先日発売されたBR 03-93 GMTに続いて、ベル&ロスは最新の発光モデルを発表した。BR V2-94 フルラム(Full Lum)は、馴染みのあるケースデザインとダイヤル構成(ベースとなったBR V2-94の見られるヴィンテージ クロノグラフのスタイル)を採用しながらも、対照的な強力夜光スタイルの斬新なモデルとなった。本機は、2020年に発表されたBR 03-92 ダイバー フル ラム やBR03-92 HUD 限定エディションなどの新しいルミナスモデルに続くもので、前者は今回のモデルと同様に、複数のコントラストカラーの夜光を使用してフル ラムの名を冠した外観を実現している。
ベル&ロス初のアウターベゼルのスクエアGMTほど顕著ではないが、この新しいモデルによって珍しい色彩のオプションと、強力な夜光のコントラストをもつダイヤルのユニークな色彩に、ブランドが興味を持ち続けていることが示された。このモデルは現在、V2-94シリーズと広範囲なヴィンテージ コレクションで提供されている多様なバリエーションに加わることになった。外見的には奇抜かもしれないが、ベル&ロスの他のコレクションとの調和はとれている。

ディテールを見てみると、まず、他のV2-94クロノグラフと同様の馴染みのあるケースシルエットが目に入る。ケース径は41mm、100m防水、テーパードラグ、ねじ込み式プッシャー、アルマイト処理されたブラックインサート付き固定ベゼルなど、堅牢でダイバーに適したクロノグラフでありながら、古典的なツールウォッチのフォーマットに新しい風を吹き込んでいるようにも感じられる。

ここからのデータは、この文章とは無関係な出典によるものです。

(* Let $K$ be a field, $S=K[x_1,\ldots,x_n]$, let $m<n$, let $S'=K[x_1,\ldots,x_m]$ and let $J\subset S'$ be a monomial ideal. Set $I=JS$. Then for any $k$ with $m<k\le n$, \[ \operatorname{sdepth}(S/(I,x_k))=\operatorname{sdepth}(S/I)-1. \]
   Context: For a monomial ideal $I\subset S$, let $I^c$ be the $K$-linear subspace of $S$ spanned by all monomials not in $I$, so $S/I\cong I^c$ as $K$-vector spaces. For a monomial $v$ and a subset $Z\subset\{x_1,\ldots,x_n\}$, the $K$-subspace $vK[Z]$ spanned by all monomials $vw$ with $w$ a monomial in $K[Z]$ is a Stanley space of dimension $|Z|$. A Stanley decomposition $\mathcal D$ of $S/I$ is a decomposition of $I^c$ as a finite direct sum of Stanley spaces; $\operatorname{sdepth}(\mathcal D)$ is the minimal dimension of a Stanley space in $\mathcal D$, and $\operatorname{sdepth}(S/I)$ is the maximum of $\operatorname{sdepth}(\mathcal D)$ over all Stanley decompositions $\mathcal D$ of $S/I$. *)

theory Defs
  imports "HOL-Library.Poly_Mapping" "HOL-Library.Extended_Nat"
begin

text \<open>Monomials in variables x_1, x_2, ... are finitely supported exponent vectors
  (index i = exponent of x_i); multiplication of monomials is addition of exponent vectors.
  Polynomials over a field K are finitely supported maps from monomials to K
  (coefficient of each monomial).\<close>

type_synonym mon = "nat \<Rightarrow>\<^sub>0 nat"

definition mons :: "nat \<Rightarrow> mon set" where
  "mons n = {u. Poly_Mapping.keys u \<subseteq> {1..n}}"

definition var :: "nat \<Rightarrow> mon" where
  "var i = Poly_Mapping.single i 1"

text \<open>A monomial ideal of K[x_1,...,x_n] is determined by (and is the K-span of) the set of
  monomials it contains; this set is closed under multiplication by monomials.\<close>
definition monomial_ideal :: "nat \<Rightarrow> mon set \<Rightarrow> bool" where
  "monomial_ideal n M \<longleftrightarrow> M \<subseteq> mons n \<and> (\<forall>u\<in>M. \<forall>w\<in>mons n. u + w \<in> M)"

definition gen_ideal :: "nat \<Rightarrow> mon set \<Rightarrow> mon set" where
  "gen_ideal n G = {u \<in> mons n. \<exists>g\<in>G. \<exists>w\<in>mons n. u = g + w}"

definition span_mons :: "'k itself \<Rightarrow> mon set \<Rightarrow> (mon \<Rightarrow>\<^sub>0 'k::field) set" where
  "span_mons _ A = {p. Poly_Mapping.keys p \<subseteq> A}"

text \<open>I^c: the K-span of the monomials of S=K[x_1..x_n] not in the monomial ideal I (given by
  its monomial set M).\<close>
definition compl_space :: "'k itself \<Rightarrow> nat \<Rightarrow> mon set \<Rightarrow> (mon \<Rightarrow>\<^sub>0 'k::field) set" where
  "compl_space K n M = span_mons K (mons n - M)"

definition stanley_space :: "'k itself \<Rightarrow> mon \<Rightarrow> nat set \<Rightarrow> (mon \<Rightarrow>\<^sub>0 'k::field) set" where
  "stanley_space K v Z = span_mons K {v + w | w. Poly_Mapping.keys w \<subseteq> Z}"

definition is_direct_sum :: "('a::ab_group_add) set \<Rightarrow> 'd set \<Rightarrow> ('d \<Rightarrow> 'a set) \<Rightarrow> bool" where
  "is_direct_sum V D sp \<longleftrightarrow> finite D \<and> (\<forall>d\<in>D. sp d \<subseteq> V) \<and>
     (\<forall>p\<in>V. \<exists>!f. (\<forall>d\<in>D. f d \<in> sp d) \<and> (\<forall>d. d \<notin> D \<longrightarrow> f d = 0) \<and> p = (\<Sum>d\<in>D. f d))"

text \<open>A Stanley decomposition of S/I (S = K[x_1..x_n], I given by monomial set M): a finite family
  of Stanley spaces v K[Z] (v a monomial of S, Z \<subseteq> {x_1..x_n}) whose direct sum is I^c.\<close>
definition stanley_dec :: "'k::field itself \<Rightarrow> nat \<Rightarrow> mon set \<Rightarrow> (mon \<times> nat set) set \<Rightarrow> bool" where
  "stanley_dec K n M D \<longleftrightarrow> (\<forall>(v, Z)\<in>D. v \<in> mons n \<and> Z \<subseteq> {1..n}) \<and>
     is_direct_sum (compl_space K n M) D (\<lambda>(v, Z). stanley_space K v Z)"

text \<open>sdepth of a decomposition: minimal dimension |Z| (infinite for the empty decomposition).\<close>
definition sdepth_dec :: "(mon \<times> nat set) set \<Rightarrow> enat" where
  "sdepth_dec D = (INF (v, Z)\<in>D. enat (card Z))"

definition sdepth :: "'k::field itself \<Rightarrow> nat \<Rightarrow> mon set \<Rightarrow> enat" where
  "sdepth K n M = (SUP D\<in>{D. stanley_dec K n M D}. sdepth_dec D)"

ケースは直線的な外観で、ドーム型の無反射コーティングが施されたサファイアクリスタル風防の下には、この時計の真の主役が存在する。ダイヤルは全面的に夜光性のグリーンで塗られており、白昼でも明るく、注目を集めるスタイルになっている。暗い場所では、ブラックの塗装部分と鮮やかなスーパールミノバグリーンのコントラストが映え、そのスタイルが際立つ。時間表示は細部に至るまで非常に読みやすい。特に9時位置の30分積算計インダイヤルには、コントラストの効いたルミナンスカラーが配され、非常に目立つ。
夜光以外に目を向けよう。ダイヤルは、これまでのV2-94クロノグラフと同様、ダイヤル上下の大きなアラビア数字、残りの2つの15分と45分位置の大きなインダイヤル、4時半位置の小さな非夜光の日付窓、そしてフェイス中央のアビエーションスタイルの針によって構成されている。ベル&ロスならばグリーン以外の要素として、先端が赤い秒針などを加えても面白かっただろうが、このスタイルで十分に魅力的であると判断し、そのままにしたのかもしれない。

ムーブメントには、これまでのシリーズで好評を博してきたBR-CAL.301を採用した(キャリバーはETA2894-2をベースとし、42時間のパワーリザーブを備える)。この自動巻きクロノグラフキャリバーは、先に発売されたGMTと同様に、メンテナンス性に優れた実用的な性能を提供し、着用者まで輝けるよう機能してくれるだろう。